====== INFORMATION SUPPLIED
(* Let $\mathcal{A}=\mathcal{R}*_K\mathcal{S}*_L\mathcal{T}\in\mathbb{C}^{I_1\times\cdots\times I_N\times J_1\times\cdots\times J_M}$, where $\mathcal{R}\in\mathbb{C}^{I_1\times\cdots\times I_N\times H_1\times\cdots\times H_K}$, $\mathcal{S}\in\mathbb{C}^{H_1\times\cdots\times H_K\times G_1\times\cdots\times G_L}$ and $\mathcal{T}\in\mathbb{C}^{G_1\times\cdots\times G_L\times J_1\times\cdots\times J_M}$. Then $\mathcal{A}_{\pi\dagger}=\mathcal{A}^{\dagger}$ if and only if $(\mathcal{R}^{\dagger}*_N\mathcal{A}*_M\mathcal{T}^{\dagger})^{\dagger}=\mathcal{T}*_M\mathcal{A}^{\dagger}*_N\mathcal{R}$. In that case $\mathcal{A}_{\pi\dagger}=\mathcal{A}^{\dagger}=\mathcal{B}=\mathcal{C}$, where $\mathcal{B}=\mathcal{T}^{\dagger}*_L(\mathcal{A}*_M\mathcal{T}^{\dagger})^{\dagger}$ and $\mathcal{C}=(\mathcal{R}^{\dagger}*_N\mathcal{A})^{\dagger}*_K\mathcal{R}^{\dagger}$.
   Context: $\mathbb{C}^{I_1\times\cdots\times I_N}$ denotes the set of complex tensors of order $N$ and dimension $I_1\times\cdots\times I_N$. For $\mathcal{A}\in\mathbb{C}^{I_1\times\cdots\times I_N\times K_1\times\cdots\times K_N}$ and $\mathcal{B}\in\mathbb{C}^{K_1\times\cdots\times K_N\times J_1\times\cdots\times J_M}$, the Einstein product $\mathcal{A}*_N\mathcal{B}$ is defined by $(\mathcal{A}*_N\mathcal{B})_{i_1\dots i_N j_1\dots j_M}=\sum_{k_1,\dots,k_N}a_{i_1\dots i_N k_1\dots k_N}b_{k_1\dots k_N j_1\dots j_M}$; it is associative. $\mathcal{A}^H$ denotes the conjugate transpose. For $\mathcal{A}\in\mathbb{C}^{I_1\times\cdots\times I_N\times J_1\times\cdots\times J_M}$ the Moore–Penrose inverse $\mathcal{A}^{\dagger}$ is the unique $\mathcal{X}\in\mathbb{C}^{J_1\times\cdots\times J_M\times I_1\times\cdots\times I_N}$ with $\mathcal{A}*_M\mathcal{X}*_N\mathcal{A}=\mathcal{A}$, $\mathcal{X}*_N\mathcal{A}*_M\mathcal{X}=\mathcal{X}$, $(\mathcal{A}*_M\mathcal{X})^H=\mathcal{A}*_M\mathcal{X}$, $(\mathcal{X}*_N\mathcal{A})^H=\mathcal{X}*_N\mathcal{A}$. Given the factorization $\mathcal{A}=\mathcal{R}*_K\mathcal{S}*_L\mathcal{T}$, the product Moore–Penrose inverse of $\mathcal{A}$ is $\mathcal{A}_{\pi\dagger}=\mathcal{T}^{\dagger}*_L(\mathcal{R}^{\dagger}*_N\mathcal{A}*_M\mathcal{T}^{\dagger})^{\dagger}*_K\mathcal{R}^{\dagger}$. *)

theory Defs
  imports Complex_Main
begin

definition idx :: "nat list \<Rightarrow> nat list set" where
  "idx ds = {is. length is = length ds \<and> (\<forall>k<length ds. is ! k < ds ! k)}"

text \<open>A tensor in C^{I_1 x ... x I_N x J_1 x ... x J_M} is represented as a function of
  the two multi-indices (row part, column part) that vanishes outside idx I x idx J.\<close>
type_synonym tensor = "nat list \<Rightarrow> nat list \<Rightarrow> complex"

definition tensors :: "nat list \<Rightarrow> nat list \<Rightarrow> tensor set" where
  "tensors I J = {A. \<forall>is js. A is js \<noteq> 0 \<longrightarrow> is \<in> idx I \<and> js \<in> idx J}"

definition ein :: "nat list \<Rightarrow> tensor \<Rightarrow> tensor \<Rightarrow> tensor" where
  "ein K A B = (\<lambda>is js. \<Sum>ks\<in>idx K. A is ks * B ks js)"

definition ctr :: "tensor \<Rightarrow> tensor" where
  "ctr A = (\<lambda>js is. cnj (A is js))"

definition is_mpinv :: "nat list \<Rightarrow> nat list \<Rightarrow> tensor \<Rightarrow> tensor \<Rightarrow> bool" where
  "is_mpinv I J A X \<longleftrightarrow> X \<in> tensors J I \<and>
     ein I (ein J A X) A = A \<and> ein J (ein I X A) X = X \<and>
     ctr (ein J A X) = ein J A X \<and> ctr (ein I X A) = ein I X A"

definition mpinv :: "nat list \<Rightarrow> nat list \<Rightarrow> tensor \<Rightarrow> tensor" where
  "mpinv I J A = (THE X. is_mpinv I J A X)"

text \<open>Product Moore-Penrose inverse of A = R *_K S *_L T (R in C^{I x H}, S in C^{H x G},
  T in C^{G x J}):  T^+ *_L (R^+ *_N A *_M T^+)^+ *_K R^+.\<close>
definition pmpinv :: "nat list \<Rightarrow> nat list \<Rightarrow> nat list \<Rightarrow> nat list \<Rightarrow>
    tensor \<Rightarrow> tensor \<Rightarrow> tensor \<Rightarrow> tensor" where
  "pmpinv I H G J R A T =
     ein H (ein G (mpinv G J T) (mpinv H G (ein J (ein I (mpinv I H R) A) (mpinv G J T))))
       (mpinv I H R)"

end

theory Submission
  imports Defs "HOL-Library.Function_Algebras"
begin
text \<open>Superposing a weighting \<omega> \<in> \<Omega> with operations g_1, ..., g_k from supp(\<Omega>) can
  only fail to be proper because the negative weight of a projection e_i is moved onto g_i,
  which need not be a projection. This is repaired by adding a weighting \<nu> \<in> \<Omega> that is
  large on the non-projection g_i; it exists because supp(\<Omega>) consists of operations of
  positive weight and \<Omega> is a convex cone. The sum \<omega>[g_1, ..., g_k] + \<nu> lies in \<Omega>, being the
  proper superposition of the (k+l)-ary weighting \<omega>[e_1, ..., e_k] + \<nu>[e_{k+1}, ..., e_{k+l}]
  with (g_1, ..., g_k, e_1, ..., e_l). As \<nu> is non-negative off the projections, the weight of
  f[g_1, ..., g_k] in this sum is positive whenever \<omega>(f) > 0.\<close>

lemma finite_ops: "finite (ops k :: 'd::finite op set)"
proof -
  let ?L = "{xs::'d list. length xs = k}"
  have "inj_on (\<lambda>f. restrict f ?L) (ops k :: 'd op set)"
  proof (rule inj_onI)
    fix f g :: "'d op"
    assume f: "f \<in> ops k" and g: "g \<in> ops k" and eq: "restrict f ?L = restrict g ?L"
    show "f = g"
    proof
      fix xs :: "'d list"
      show "f xs = g xs"
        using fun_cong[OF eq, of xs] f g by (cases "length xs = k") (simp_all add: ops_def)
    qed
  qed
  moreover have "(\<lambda>f. restrict f ?L) ` ops k \<subseteq> PiE ?L (\<lambda>_. UNIV)"
    by (auto split: if_splits)
  moreover have "finite (PiE ?L (\<lambda>_::'d list. UNIV :: 'd set))"
    using finite_lists_length_eq[of "UNIV :: 'd set" k] by (simp add: finite_PiE)
  ultimately show ?thesis
    by (meson finite_imageD finite_subset)
qed

lemma proj_in_ops: "proj k i \<in> ops k"
  by (simp add: ops_def proj_def)

lemma projs_subset_ops: "projs k \<subseteq> ops k"
  using proj_in_ops by (auto simp: projs_def)

lemma comp_in_ops: "comp l f gs \<in> ops l"
  by (simp add: ops_def comp_def)

lemma comp_proj:
  assumes "i < length gs" "gs ! i \<in> ops l"
  shows "comp l (proj (length gs) i) gs = gs ! i"
  using assms by (auto simp: comp_def proj_def ops_def)

lemma comp_assoc:
  assumes "length hs = N"
  shows "comp l (comp N f gs) hs = comp l f (map (\<lambda>g. comp l g hs) gs)"
  using assms by (auto simp: comp_def o_def)

lemma comp_projs_right:
  assumes "u \<in> ops l"
  shows "comp l u (map (proj l) [0..<l]) = u"
proof
  fix xs
  show "comp l u (map (proj l) [0..<l]) xs = u xs"
    using assms by (auto simp: comp_def proj_def ops_def intro!: arg_cong[where f = u] nth_equalityI)
qed

lemma is_weighting_nonneg:
  "is_weighting k w \<Longrightarrow> f \<in> ops k \<Longrightarrow> f \<notin> projs k \<Longrightarrow> 0 \<le> w f"
  by (auto simp: is_weighting_def not_le[symmetric])

lemma wcomp_apply:
  "t \<in> ops l \<Longrightarrow> wcomp k w l gs t = (\<Sum>f \<in> {f \<in> ops k. comp l f gs = t}. w f)"
  by (simp add: wcomp_def)

lemma sum_wcomp:
  fixes w :: "'d::finite op \<Rightarrow> real"
  shows "sum (wcomp k w l gs) (ops l) = sum w (ops k)"
proof -
  have "sum (wcomp k w l gs) (ops l) = (\<Sum>t \<in> ops l. \<Sum>f \<in> {f. f \<in> ops k \<and> comp l f gs = t}. w f)"
    by (rule sum.cong) (auto simp: wcomp_apply)
  also have "\<dots> = sum w (ops k)"
    by (rule sum.group) (auto simp: finite_ops comp_in_ops)
  finally show ?thesis .
qed

text \<open>Negative weight sits on projections e_i, and e_i[g_1, ..., g_k] = g_i.\<close>

lemma wcomp_nonneg_off_args:
  assumes "is_weighting k w" "length gs = k" "set gs \<subseteq> ops l" "t \<notin> set gs"
    and "f \<in> ops k" "comp l f gs = t"
  shows "0 \<le> w f"
proof (rule ccontr)
  assume "\<not> 0 \<le> w f"
  then have "f \<in> projs k"
    using assms(1,5) by (auto simp: is_weighting_def)
  then obtain i where "i < k" "f = proj k i"
    by (auto simp: projs_def)
  moreover have "gs ! i \<in> ops l"
    using \<open>i < k\<close> assms(2,3) by auto
  ultimately have "t = gs ! i"
    using assms(2,6) comp_proj by metis
  then show False
    using \<open>i < k\<close> assms(2,4) by simp
qed

lemma wcomp_nonneg:
  assumes "is_weighting k w" "length gs = k" "set gs \<subseteq> ops l" "t \<notin> set gs" "t \<in> ops l"
  shows "0 \<le> wcomp k w l gs t"
  using wcomp_nonneg_off_args[OF assms(1-4)] assms(5)
  by (auto simp: wcomp_apply intro: sum_nonneg)

lemma wcomp_ge:
  fixes w :: "'d::finite op \<Rightarrow> real"
  assumes "is_weighting k w" "length gs = k" "set gs \<subseteq> ops l" "comp l f gs \<notin> set gs"
    and "f \<in> ops k"
  shows "w f \<le> wcomp k w l gs (comp l f gs)"
  unfolding wcomp_apply[OF comp_in_ops]
  by (rule member_le_sum)
    (use assms wcomp_nonneg_off_args[OF assms(1-4)] in \<open>auto intro: finite_subset[OF _ finite_ops]\<close>)

lemma abs_wcomp_le:
  fixes w :: "'d::finite op \<Rightarrow> real"
  assumes "t \<in> ops l"
  shows "\<bar>wcomp k w l gs t\<bar> \<le> (\<Sum>f \<in> ops k. \<bar>w f\<bar>)"
proof -
  have "\<bar>wcomp k w l gs t\<bar> \<le> (\<Sum>f \<in> {f \<in> ops k. comp l f gs = t}. \<bar>w f\<bar>)"
    unfolding wcomp_apply[OF assms] by (rule sum_abs)
  also have "\<dots> \<le> (\<Sum>f \<in> ops k. \<bar>w f\<bar>)"
    by (rule sum_mono2) (auto simp: finite_ops)
  finally show ?thesis .
qed

lemma is_weighting_wcomp_projs:
  fixes w :: "'d::finite op \<Rightarrow> real"
  assumes "is_weighting k w" "length gs = k" "set gs \<subseteq> projs l"
  shows "is_weighting l (wcomp k w l gs)"
proof -
  have "0 \<le> wcomp k w l gs t" if "t \<in> ops l" "t \<notin> projs l" for t
    using wcomp_nonneg[OF assms(1,2) _ _ that(1)] assms(3) projs_subset_ops that(2) by blast
  moreover have "sum (wcomp k w l gs) (ops l) = 0"
    using assms(1) by (simp add: sum_wcomp is_weighting_def)
  ultimately show ?thesis
    by (auto simp: is_weighting_def wcomp_def not_le[symmetric])
qed

lemma sum_over_fibres:
  assumes "finite A" "finite B" "\<And>x. x \<in> A \<Longrightarrow> \<phi> x \<in> B"
  shows "(\<Sum>y \<in> {y \<in> B. P y}. \<Sum>x \<in> {x \<in> A. \<phi> x = y}. w x) = (\<Sum>x \<in> {x \<in> A. P (\<phi> x)}. w x)"
proof -
  have "(\<Sum>x \<in> {x \<in> A. P (\<phi> x)}. w x)
      = (\<Sum>y \<in> {y \<in> B. P y}. \<Sum>x \<in> {x. x \<in> {x \<in> A. P (\<phi> x)} \<and> \<phi> x = y}. w x)"
    by (rule sum.group[symmetric]) (use assms in auto)
  also have "\<dots> = (\<Sum>y \<in> {y \<in> B. P y}. \<Sum>x \<in> {x \<in> A. \<phi> x = y}. w x)"
    by (rule sum.cong) (auto intro!: sum.cong)
  finally show ?thesis ..
qed

lemma wcomp_wcomp:
  fixes w :: "'d::finite op \<Rightarrow> real"
  assumes "length hs = N"
  shows "wcomp N (wcomp k w N gs) l hs = wcomp k w l (map (\<lambda>g. comp l g hs) gs)"
proof
  fix t
  show "wcomp N (wcomp k w N gs) l hs t = wcomp k w l (map (\<lambda>g. comp l g hs) gs) t"
  proof (cases "t \<in> ops l")
    case True
    have "wcomp N (wcomp k w N gs) l hs t
        = (\<Sum>F \<in> {F \<in> ops N. comp l F hs = t}. \<Sum>f \<in> {f \<in> ops k. comp N f gs = F}. w f)"
      unfolding wcomp_apply[OF True] by (rule sum.cong) (auto simp: wcomp_apply)
    also have "\<dots> = (\<Sum>f \<in> {f \<in> ops k. comp l (comp N f gs) hs = t}. w f)"
      by (rule sum_over_fibres) (auto simp: finite_ops comp_in_ops)
    finally show ?thesis
      using True by (simp add: wcomp_apply comp_assoc[OF assms])
  qed (simp add: wcomp_def)
qed

lemma wcomp_add:
  assumes "t \<in> ops l"
  shows "wcomp k (restrict (\<lambda>f. w1 f + w2 f) (ops k)) l gs t = wcomp k w1 l gs t + wcomp k w2 l gs t"
  unfolding wcomp_apply[OF assms] sum.distrib[symmetric] by (rule sum.cong) auto

lemma wcomp_projs_right:
  fixes w :: "'d op \<Rightarrow> real"
  shows "wcomp l w l (map (proj l) [0..<l]) = restrict w (ops l)"
  unfolding wcomp_def
proof (rule restrict_ext)
  fix t :: "'d op"
  assume "t \<in> ops l"
  then have "{f \<in> ops l. comp l f (map (proj l) [0..<l]) = t} = {t}"
    using comp_projs_right by auto
  then show "(\<Sum>f \<in> {f \<in> ops l. comp l f (map (proj l) [0..<l]) = t}. w f) = w t"
    by simp
qed

lemma weighted_clone_is_weighting:
  "weighted_clone \<Omega> \<Longrightarrow> (k, w) \<in> \<Omega> \<Longrightarrow> is_weighting k w"
  by (auto simp: weighted_clone_def)

lemma weighted_clone_add:
  "weighted_clone \<Omega> \<Longrightarrow> (k, w1) \<in> \<Omega> \<Longrightarrow> (k, w2) \<in> \<Omega>
    \<Longrightarrow> (k, restrict (\<lambda>f. w1 f + w2 f) (ops k)) \<in> \<Omega>"
  unfolding weighted_clone_def by blast

lemma weighted_clone_add_scaled:
  assumes "weighted_clone \<Omega>" "(k, w1) \<in> \<Omega>" "(k, w2) \<in> \<Omega>" "0 \<le> c"
  shows "(k, restrict (\<lambda>f. w1 f + c * w2 f) (ops k)) \<in> \<Omega>"
proof -
  have "(k, restrict (\<lambda>f. c * w2 f) (ops k)) \<in> \<Omega>"
    using assms unfolding weighted_clone_def by blast
  from weighted_clone_add[OF assms(1,2) this]
  show ?thesis
    by (metis (no_types, lifting) restrict_apply' restrict_ext)
qed

lemma weighted_clone_wcomp:
  "weighted_clone \<Omega> \<Longrightarrow> (k, w) \<in> \<Omega> \<Longrightarrow> length gs = k \<Longrightarrow> (\<And>g. g \<in> set gs \<Longrightarrow> (l, g) \<in> supp \<Omega>)
    \<Longrightarrow> is_weighting l (wcomp k w l gs) \<Longrightarrow> (l, wcomp k w l gs) \<in> \<Omega>"
  unfolding weighted_clone_def by blast

lemma supp_in_ops: "(k, f) \<in> supp \<Omega> \<Longrightarrow> f \<in> ops k"
  using projs_subset_ops by (auto simp: supp_def wsupp_def)

lemma projs_in_supp: "f \<in> projs k \<Longrightarrow> (k, f) \<in> supp \<Omega>"
  by (auto simp: supp_def)

lemma proj_in_supp: "i < k \<Longrightarrow> (k, proj k i) \<in> supp \<Omega>"
  by (auto simp: supp_def projs_def)

lemma supp_obtains_positive_weighting:
  assumes "(k, f) \<in> supp \<Omega>" "f \<notin> projs k"
  obtains w where "(k, w) \<in> \<Omega>" "0 < w f"
  using assms by (auto simp: supp_def wsupp_def)

lemma weighted_clone_zero:
  assumes wc: "weighted_clone \<Omega>" and "(k, w) \<in> \<Omega>" "length gs = k"
    and "\<And>g. g \<in> set gs \<Longrightarrow> (l, g) \<in> supp \<Omega>"
  shows "(l, restrict (\<lambda>_. 0) (ops l)) \<in> \<Omega>"
proof -
  let ?zero = "restrict (\<lambda>f. 0 * w f) (ops k)"
  have "(k, ?zero) \<in> \<Omega>"
    using assms(1,2) unfolding weighted_clone_def by blast
  moreover have "wcomp k ?zero l gs = restrict (\<lambda>_. 0) (ops l)"
    unfolding wcomp_def by (intro restrict_ext sum.neutral) simp
  moreover have "is_weighting l (restrict (\<lambda>_. 0) (ops l))"
    by (simp add: is_weighting_def)
  ultimately show ?thesis
    using weighted_clone_wcomp[OF wc _ assms(3,4)] by metis
qed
============
▶ **TASK STATEMENT**
Word for word, restate the lines of the data above that fall between the line holding "imports Complex_Main" and the line holding "is js \<noteq>", inclusive, and no other lines.

▶ **RESPONSE TO THIS TASK**
  imports Complex_Main
begin

definition idx :: "nat list \<Rightarrow> nat list set" where
  "idx ds = {is. length is = length ds \<and> (\<forall>k<length ds. is ! k < ds ! k)}"

text \<open>A tensor in C^{I_1 x ... x I_N x J_1 x ... x J_M} is represented as a function of
  the two multi-indices (row part, column part) that vanishes outside idx I x idx J.\<close>
type_synonym tensor = "nat list \<Rightarrow> nat list \<Rightarrow> complex"

definition tensors :: "nat list \<Rightarrow> nat list \<Rightarrow> tensor set" where
  "tensors I J = {A. \<forall>is js. A is js \<noteq> 0 \<longrightarrow> is \<in> idx I \<and> js \<in> idx J}"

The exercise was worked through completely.